theorem theorem4p2:
  fixes f :: "'a::euclidean_space \<Rightarrow> real" and gf :: "'a \<Rightarrow> 'a"
    and P :: "'a \<Rightarrow> 'b::euclidean_space" and P' :: "'a \<Rightarrow> 'a \<Rightarrow>\<^sub>L 'b"
    and D :: "'b set" and \<Omega> :: "'a set" and zbar :: 'a
  assumes f_deriv: "\<And>z. (f has_derivative (\<lambda>u. gf z \<bullet> u)) (at z)"
    and f_C1: "continuous_on UNIV gf"
    and P_deriv: "\<And>z. (P has_derivative blinfun_apply (P' z)) (at z)"
    and P_C1: "continuous_on UNIV P'"
    and D_closed: "closed D"
    and Omega_def: "\<Omega> = {z. P z \<in> D}"
    and zbar_in: "zbar \<in> \<Omega>"
    and B_stat: "0 \<in> (\<lambda>n. gf zbar + n) ` rnormal \<Omega> zbar"
    and GGCQ: "rnormal \<Omega> zbar = polar (hlincone P (blinfun_apply (P' zbar)) D zbar [])"
    and subreg: "metrically_subregular
                   (\<lambda>u. {P' zbar u - t | t. t \<in> tcone D (P zbar)}) 0 0"
  shows "\<exists>us :: 'a list. \<exists>w ws.
           w \<in> htcone D (P zbar) (map (blinfun_apply (P' zbar)) us) \<and>
           ws \<in> rnormal (htcone D (P zbar) (map (blinfun_apply (P' zbar)) us)) w \<and>
           gf zbar + adjoint (blinfun_apply (P' zbar)) ws = 0 \<and>
           (\<forall>l < length us.
              us ! l \<in> hlincone P (blinfun_apply (P' zbar)) D zbar (take l us) \<and>
              P' zbar (us ! l) \<notin>
                Lsp (htcone D (P zbar) (map (blinfun_apply (P' zbar)) (take l us))) \<and>
              gf zbar \<bullet> (us ! l) = 0 \<and>
              \<not> locally_polyhedral
                  (htcone D (P zbar) (map (blinfun_apply (P' zbar)) (take l us)))
                  (P' zbar (us ! l)))"
proof -
  define A where "A = blinfun_apply (P' zbar)"
  define K where "K = tcone D (P zbar)"
  have A: "linear A"
    unfolding A_def by (rule bounded_linear.linear[OF blinfun.bounded_linear_right])
  have "P zbar \<in> D"
    using zbar_in Omega_def by simp
  then have K: "closed K" "cone K" "K \<noteq> {}"
    by (auto simp: K_def closed_tcone cone_tcone dest: zero_in_tcone)
  have "0 \<le> gf zbar \<bullet> u" if "A u \<in> K" for u
  proof -
    obtain n where "n \<in> polar {u. A u \<in> K}" "gf zbar + n = 0"
      using B_stat GGCQ by (auto simp: hlincone_def htcone_def A_def K_def)
    with that show ?thesis
      by (auto simp: polar_def add_eq_0_iff2 inner_minus_left)
  qed
  then obtain c where "exact_penalty A (gf zbar) c K"
    using exact_penalty_if_subregular[OF A K(1,2)] subreg by (auto simp: A_def K_def)
  then obtain us w ws where "critical_chain A (gf zbar) K us" "w \<in> foldl tcone K (map A us)"
    "ws \<in> rnormal (foldl tcone K (map A us)) w" "gf zbar + adjoint A ws = 0"
    using exact_penalty_critical_chain[OF A K] by blast
  then show ?thesis
    unfolding critical_chain_iff
    by (intro exI[of _ us] exI[of _ w] exI[of _ ws]) (simp add: hlincone_def htcone_def A_def K_def)
qed
(* Let $\varepsilon_1>0$ and $0<k<1$. Then there exists $\alpha_0>0$ such that for every $\alpha$ with $|\alpha|\le\alpha_0$ and every $r>0$ there exists a $C^1$ area-preserving diffeomorphism $h:\mathbb{R}^2\to\mathbb{R}^2$ such that: (i) $|z|\ge r\Rightarrow h(z)=z$; (ii) $|z|\le\sqrt{k}\,r\Rightarrow h(z)=R_\alpha(z)$; (iii) $|h(z)|=|z|$ for all $z$; (iv) $|h(z)-z|\le\alpha r$ for all $z$; (v) $\|Dh_z-I\|\le\varepsilon_1$ for all $z$.
   Context: $R_\theta=\begin{pmatrix}\cos\theta&-\sin\theta\\ \sin\theta&\cos\theta\end{pmatrix}$ is the rotation of angle $\theta$; $|\cdot|$ is the Euclidean norm on $\mathbb{R}^2$. *)

theory Defs
  imports "HOL-Analysis.Analysis"
begin

definition rot :: "real \<Rightarrow> real^2^2" where
  "rot \<theta> = vector [vector [cos \<theta>, - sin \<theta>], vector [sin \<theta>, cos \<theta>]]"

definition C1_map :: "(real^2 \<Rightarrow> real^2) \<Rightarrow> bool" where
  "C1_map f \<longleftrightarrow> (\<exists>D. (\<forall>z. (f has_derivative D z) (at z))
                      \<and> continuous_on UNIV (\<lambda>z. matrix (D z)))"

definition C1_diffeo :: "(real^2 \<Rightarrow> real^2) \<Rightarrow> bool" where
  "C1_diffeo h \<longleftrightarrow> C1_map h \<and>
     (\<exists>g. C1_map g \<and> (\<forall>z. g (h z) = z) \<and> (\<forall>z. h (g z) = z))"

definition area_preserving :: "(real^2 \<Rightarrow> real^2) \<Rightarrow> bool" where
  "area_preserving h \<longleftrightarrow> h \<in> borel_measurable borel \<and> distr lborel lborel h = lborel"

end

theory Submission
  imports Defs
begin

(*
  The map h is a twist z \<mapsto> R_f(|z|^2) z: every circle about the origin is rotated rigidly,
  by an angle depending only on its radius. A twist preserves |z|, is inverted by the twist
  with angle -f, and its derivative v \<mapsto> R v + 2 f'(|z|^2) (z \<bullet> v) J (R z) (J the quarter
  turn) has determinant 1, so it preserves area by the change of variables formula.
  Taking f(s) = \<alpha> (1 - S ((s - k r^2) / (r^2 - k r^2))) for the cubic smoothstep S makes h
  the rotation R_\<alpha> inside radius sqrt k r and the identity outside radius r, while
  |f| + 2 |f'(s)| s \<le> |\<alpha>| (1 + 3 / (1 - k)) bounds |Dh - I|, linearly in \<alpha>.
*)

lemma has_real_derivative_at_glue:
  fixes f g h :: "real \<Rightarrow> real"
  assumes "(g has_real_derivative D) (at x within {..x})"
    and "(h has_real_derivative D) (at x within {x..})"
    and "0 < d"
    and "\<And>y. x - d < y \<Longrightarrow> y \<le> x \<Longrightarrow> f y = g y"
    and "\<And>y. x \<le> y \<Longrightarrow> y < x + d \<Longrightarrow> f y = h y"
  shows "(f has_real_derivative D) (at x)"
proof -
  have "(f has_real_derivative D) (at x within {..x})"
    by (rule has_field_derivative_transform_within[OF assms(1,3)]) (auto simp: assms(4) dist_real_def)
  moreover have "(f has_real_derivative D) (at x within {x..})"
    by (rule has_field_derivative_transform_within[OF assms(2,3)]) (auto simp: assms(5) dist_real_def)
  moreover have "{..x} \<union> {x..} = UNIV"
    by auto
  then have "at x = sup (at x within {..x}) (at x within {x..})"
    by (metis at_within_union)
  ultimately show ?thesis
    unfolding has_field_derivative_iff by (simp add: filterlim_sup)
qed

lemma distr_lborel_eq_if_inverse_unimodular:
  fixes h g :: "real^'n::{finite,wellorder} \<Rightarrow> real^'n::_"
  assumes h: "continuous_on UNIV h"
    and inverse: "\<And>z. g (h z) = z" "\<And>z. h (g z) = z"
    and g: "\<And>z. (g has_derivative D z) (at z)" "\<And>z. \<bar>det (matrix (D z))\<bar> = 1"
  shows "distr lborel lborel h = lborel"
proof (rule lborel_eqI[symmetric])
  fix l u :: "(real, 'n) vec" assume lu: "\<And>b. b \<in> Basis \<Longrightarrow> l \<bullet> b \<le> u \<bullet> b"
  have preimage: "h -` box l u = g ` box l u"
    using inverse by (auto intro: image_eqI[where x = "h x" for x])
  have "open (h -` box l u)"
    using h by (intro open_vimage) auto
  then have borel: "g ` box l u \<in> sets borel"
    by (simp add: preimage)
  have "(g has_derivative D x) (at x within box l u)" for x
    using g(1) has_derivative_at_withinI by blast
  moreover have "inj_on g (box l u)"
    by (rule inj_on_inverseI[where g = h]) (rule inverse(2))
  moreover have "((\<lambda>x. \<bar>det (matrix (D x))\<bar>) has_integral measure lborel (cbox l u)) (box l u)"
    unfolding g(2) has_integral_open_interval using has_integral_const[of "1::real" l u] by simp
  ultimately have image:
      "g ` box l u \<in> lmeasurable \<and> measure lebesgue (g ` box l u) = measure lborel (cbox l u)"
    by (subst has_measure_differentiable_image) auto
  have "emeasure (distr lborel lborel h) (box l u) = emeasure lborel (g ` box l u)"
    using h borel_measurable_continuous_onI by (subst emeasure_distr) (auto simp: preimage)
  also have "\<dots> = emeasure lebesgue (g ` box l u)"
    using borel by simp
  also have "\<dots> = measure lebesgue (g ` box l u)"
    using image by (intro emeasure_eq_measure2) blast
  also have "\<dots> = (\<Prod>b\<in>Basis. (u - l) \<bullet> b)"
    using image lu by (simp add: content_cbox inner_diff_left)
  finally show "emeasure (distr lborel lborel h) (box l u) = (\<Prod>b\<in>Basis. (u - l) \<bullet> b)" .
qed simp

definition quarter_turn :: "real^2 \<Rightarrow> real^2" where
  "quarter_turn z = vector [- z$2, z$1]"

lemma quarter_turn_nth [simp]: "quarter_turn z $ 1 = - z$2" "quarter_turn z $ 2 = z$1"
  by (simp_all add: quarter_turn_def)

lemma inner_vec_2: "(x::real^2) \<bullet> y = x$1 * y$1 + x$2 * y$2"
  by (simp add: inner_vec_def sum_2)

lemma linear_quarter_turn: "linear quarter_turn"
  by (rule linearI) (auto simp: vec_eq_iff forall_2)

lemmas bounded_linear_quarter_turn =
  linear_quarter_turn[THEN linear_conv_bounded_linear[THEN iffD1]]

lemma continuous_on_quarter_turn [continuous_intros]:
  "continuous_on S g \<Longrightarrow> continuous_on S (\<lambda>x. quarter_turn (g x))"
  by (rule continuous_on_compose2[OF linear_continuous_on[OF bounded_linear_quarter_turn]]) auto

lemma quarter_turn_quarter_turn [simp]: "quarter_turn (quarter_turn v) = - v"
  by (simp add: vec_eq_iff forall_2)

lemma inner_quarter_turn [simp]:
  "quarter_turn v \<bullet> quarter_turn w = v \<bullet> w" "v \<bullet> quarter_turn v = 0" "quarter_turn v \<bullet> v = 0"
  by (auto simp: inner_vec_2 algebra_simps)

lemma norm_quarter_turn [simp]: "norm (quarter_turn v) = norm v"
  by (simp add: norm_eq_sqrt_inner)

lemma rot_mult_eq: "rot \<theta> *v z = cos \<theta> *\<^sub>R z + sin \<theta> *\<^sub>R quarter_turn z"
  by (simp add: vec_eq_iff forall_2 rot_def matrix_vector_mult_def sum_2)

lemma rot_rot: "rot \<theta> *v (rot \<phi> *v z) = rot (\<theta> + \<phi>) *v z"
  by (simp add: rot_mult_eq linear_add[OF linear_quarter_turn] linear_cmul[OF linear_quarter_turn]
      cos_add sin_add algebra_simps)

lemma rot_zero [simp]: "rot 0 *v z = z"
  by (simp add: rot_mult_eq)

lemma norm_cos_sin_combination:
  "norm (c *\<^sub>R v + s *\<^sub>R quarter_turn v) = sqrt (c\<^sup>2 + s\<^sup>2) * norm v"
proof -
  have "(c *\<^sub>R v + s *\<^sub>R quarter_turn v) \<bullet> (c *\<^sub>R v + s *\<^sub>R quarter_turn v) = (c\<^sup>2 + s\<^sup>2) * (v \<bullet> v)"
    by (simp add: inner_commute[of "quarter_turn v"] power2_eq_square algebra_simps)
  then show ?thesis
    by (simp add: norm_eq_sqrt_inner real_sqrt_mult)
qed
definition kempf_ps :: "('n::finite \<Rightarrow> int^'r::finite) \<Rightarrow> int^'r^'r \<Rightarrow> int^'r \<Rightarrow> complex^'n \<Rightarrow> int^'r" where
  "kempf_ps chis B c x = (THE l. kempf_opt chis B c x l)"

definition Lambda_set :: "('n::finite \<Rightarrow> int^'r::finite) \<Rightarrow> int^'r^'r \<Rightarrow> int^'r \<Rightarrow> (int^'r) set" where
  "Lambda_set chis B c = kempf_ps chis B c ` {x. unstable chis c x}"

definition S_strat :: "('n::finite \<Rightarrow> int^'r::finite) \<Rightarrow> int^'r^'r \<Rightarrow> int^'r \<Rightarrow> int^'r \<Rightarrow> (complex^'n) set" where
  "S_strat chis B c l = {x. unstable chis c x \<and> kempf_ps chis B c x = l}"

definition Vset :: "'n::finite set \<Rightarrow> (complex^'n) set" where
  "Vset S = {x. \<forall>i\<in>S. x$i = 0}"

definition Dset :: "'n::finite set \<Rightarrow> (complex^'n) set" where
  "Dset S = {x. (\<Prod>i\<in>S. x$i) \<noteq> 0}"

definition Lset :: "'n::finite set \<Rightarrow> (complex^'n) set" where
  "Lset S = Dset S \<inter> Vset (UNIV - S)"

end

theory Submission
  imports Defs
begin

text \<open>
  The limit of \<open>\<lambda>(t) x\<close> exists iff \<open>\<langle>\<chi>\<^sub>i, \<lambda>\<rangle> \<ge> 0\<close> for every \<open>i\<close> in the support of \<open>x\<close>.
  Enlarging the support of a point inside \<open>X\<^sub>\<lambda>\<close> therefore only removes admissible
  one-parameter subgroups, so the optimal one of the smaller point stays optimal: the stratum
  is closed under enlarging supports within the coordinate subspace \<open>X\<^sub>\<lambda>\<close>. Every such
  subset of a coordinate subspace is the union of the sets \<open>X\<^sub>\<lambda> \<inter> D(A)\<close> over its minimal
  supports \<open>A\<close>. Each of these is dense in \<open>X\<^sub>\<lambda>\<close> and the image of a vector space under a
  coordinatewise exponential, and all of them contain the point of \<open>X\<^sub>\<lambda>\<close> whose free
  coordinates are \<open>1\<close>; this gives openness, connectedness and the closure.

  Behind this lies the fact that \<open>\<lambda>\<^sub>\<chi>\<^sub>,\<^sub>x\<close> is well defined. The slope \<open>\<langle>\<chi>, v\<rangle> / \<parallel>v\<parallel>\<close>
  attains its minimum on the rational polyhedral cone \<open>\<sigma>\<^sub>x\<close>. Normalised by \<open>\<langle>\<chi>, v\<rangle> = -1\<close>,
  the minimiser is the unique solution of its Karush--Kuhn--Tucker system, whose coefficients
  are rational; a \<open>\<rat>\<close>-linear retraction of \<open>\<real>\<close> onto \<open>\<rat>\<close> maps solutions to solutions, so the
  minimiser is rational and spans the ray of an indivisible \<open>\<lambda>\<close>. Equality in the triangle
  inequality forces parallel vectors, which makes this \<open>\<lambda>\<close> unique.
\<close>

section \<open>Limits and supports\<close>

definition supp :: "complex^'n::finite \<Rightarrow> 'n set" where
  "supp x = {i. x$i \<noteq> 0}"

lemma tendsto_powi_mult_at_0_iff:
  fixes x :: complex and k :: int
  shows "(\<exists>L. ((\<lambda>t. t powi k * x) \<longlongrightarrow> L) (at 0)) \<longleftrightarrow> x = 0 \<or> 0 \<le> k"
proof
  assume "\<exists>L. ((\<lambda>t. t powi k * x) \<longlongrightarrow> L) (at 0)"
  then obtain L where L: "((\<lambda>t. t powi k * x) \<longlongrightarrow> L) (at 0)" by blast
  show "x = 0 \<or> 0 \<le> k"
  proof (rule ccontr)
    assume "\<not> (x = 0 \<or> 0 \<le> k)"
    then have "x \<noteq> 0" "k < 0" by auto
    define n where "n = nat (- k)"
    have "((\<lambda>t. t powi k * x * t ^ n) \<longlongrightarrow> L * 0 ^ n) (at 0)"
      by (intro tendsto_intros L)
    moreover have "\<forall>\<^sub>F t in at 0. t powi k * x * t ^ n = x"
      using eventually_neq_at_within[of 0 0 UNIV]
    proof eventually_elim
      case (elim t)
      then show ?case
        using \<open>k < 0\<close> by (simp add: n_def power_int_def field_simps)
    qed
    ultimately have "((\<lambda>t. x) \<longlongrightarrow> L * 0 ^ n) (at (0::complex))"
      by (rule Lim_transform_eventually)
    with \<open>x \<noteq> 0\<close> \<open>k < 0\<close> show False by (simp add: n_def tendsto_const_iff)
  qed
next
  assume "x = 0 \<or> 0 \<le> k"
  then have "((\<lambda>t. t powi k * x) \<longlongrightarrow> 0 powi k * x) (at 0)"
  proof
    assume "0 \<le> k"
    have "((\<lambda>t. t ^ nat k * x) \<longlongrightarrow> 0 ^ nat k * x) (at 0)"
      by (intro tendsto_intros)
    with \<open>0 \<le> k\<close> show ?thesis by (simp add: power_int_def)
  qed simp
  then show "\<exists>L. ((\<lambda>t. t powi k * x) \<longlongrightarrow> L) (at 0)" by blast
qed

lemma lim_exists_iff: "lim_exists chis m x \<longleftrightarrow> (\<forall>i\<in>supp x. 0 \<le> pair (chis i) m)"
proof
  assume "lim_exists chis m x"
  then obtain L where "((\<lambda>t. act chis m t x) \<longlongrightarrow> L) (at 0)"
    by (auto simp: lim_exists_def)
  then have "((\<lambda>t. t powi (pair (chis i) m) * x$i) \<longlongrightarrow> L$i) (at 0)" for i
    unfolding act_def by (auto dest: tendsto_vec_nth[where i = i])
  then have "x$i = 0 \<or> 0 \<le> pair (chis i) m" for i
    using tendsto_powi_mult_at_0_iff by blast
  then show "\<forall>i\<in>supp x. 0 \<le> pair (chis i) m" by (auto simp: supp_def)
next
  assume "\<forall>i\<in>supp x. 0 \<le> pair (chis i) m"
  then have "\<exists>L. ((\<lambda>t. t powi (pair (chis i) m) * x$i) \<longlongrightarrow> L) (at 0)" for i
    by (auto simp: supp_def tendsto_powi_mult_at_0_iff)
  then obtain L where "\<And>i. ((\<lambda>t. t powi (pair (chis i) m) * x$i) \<longlongrightarrow> L i) (at 0)"
    by metis
  then have "((\<lambda>t. act chis m t x) \<longlongrightarrow> (\<chi> i. L i)) (at 0)"
    unfolding act_def by (rule tendsto_vec_lambda)
  then show "lim_exists chis m x" by (auto simp: lim_exists_def)
qed

lemma mem_Vset_iff: "x \<in> Vset T \<longleftrightarrow> supp x \<inter> T = {}"
  by (auto simp: Vset_def supp_def)

lemma mem_Dset_iff: "x \<in> Dset A \<longleftrightarrow> A \<subseteq> supp x"
  by (auto simp: Dset_def supp_def)

lemma mem_Lset_iff: "x \<in> Lset A \<longleftrightarrow> supp x = A"
  by (auto simp: Lset_def mem_Vset_iff mem_Dset_iff)

lemma supp_indicator_vec: "supp (\<chi> i. (indicator A i :: complex)) = A"
  by (simp add: supp_def indicator_def)

lemma indicator_vec_mem_Lset: "(\<chi> i. (indicator A i :: complex)) \<in> Lset A"
  by (simp add: mem_Lset_iff supp_indicator_vec)

lemma X_lam_eq_Vset: "X_lam chis l = Vset {i. pair (chis i) l < 0}"
  by (auto simp: X_lam_def set_eq_iff mem_Vset_iff lim_exists_iff disjoint_iff not_less)

section \<open>The Gram form\<close>

definition of_int_vec :: "int^'r::finite \<Rightarrow> real^'r" where
  "of_int_vec v = (\<chi> k. of_int (v$k))"

definition bform :: "int^'r::finite^'r \<Rightarrow> real^'r \<Rightarrow> real^'r \<Rightarrow> real" where
  "bform B v w = (\<Sum>i\<in>UNIV. \<Sum>j\<in>UNIV. v$i * of_int (B$i$j) * w$j)"

definition gnorm :: "int^'r::finite^'r \<Rightarrow> real^'r \<Rightarrow> real" where
  "gnorm B v = sqrt (bform B v v)"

What is required
Wherever the word "GGCQ" occurs in the data, copy that whole line.

Exercise output
    and GGCQ: "rnormal \<Omega> zbar = polar (hlincone P (blinfun_apply (P' zbar)) D zbar [])"
      using B_stat GGCQ by (auto simp: hlincone_def htcone_def A_def K_def)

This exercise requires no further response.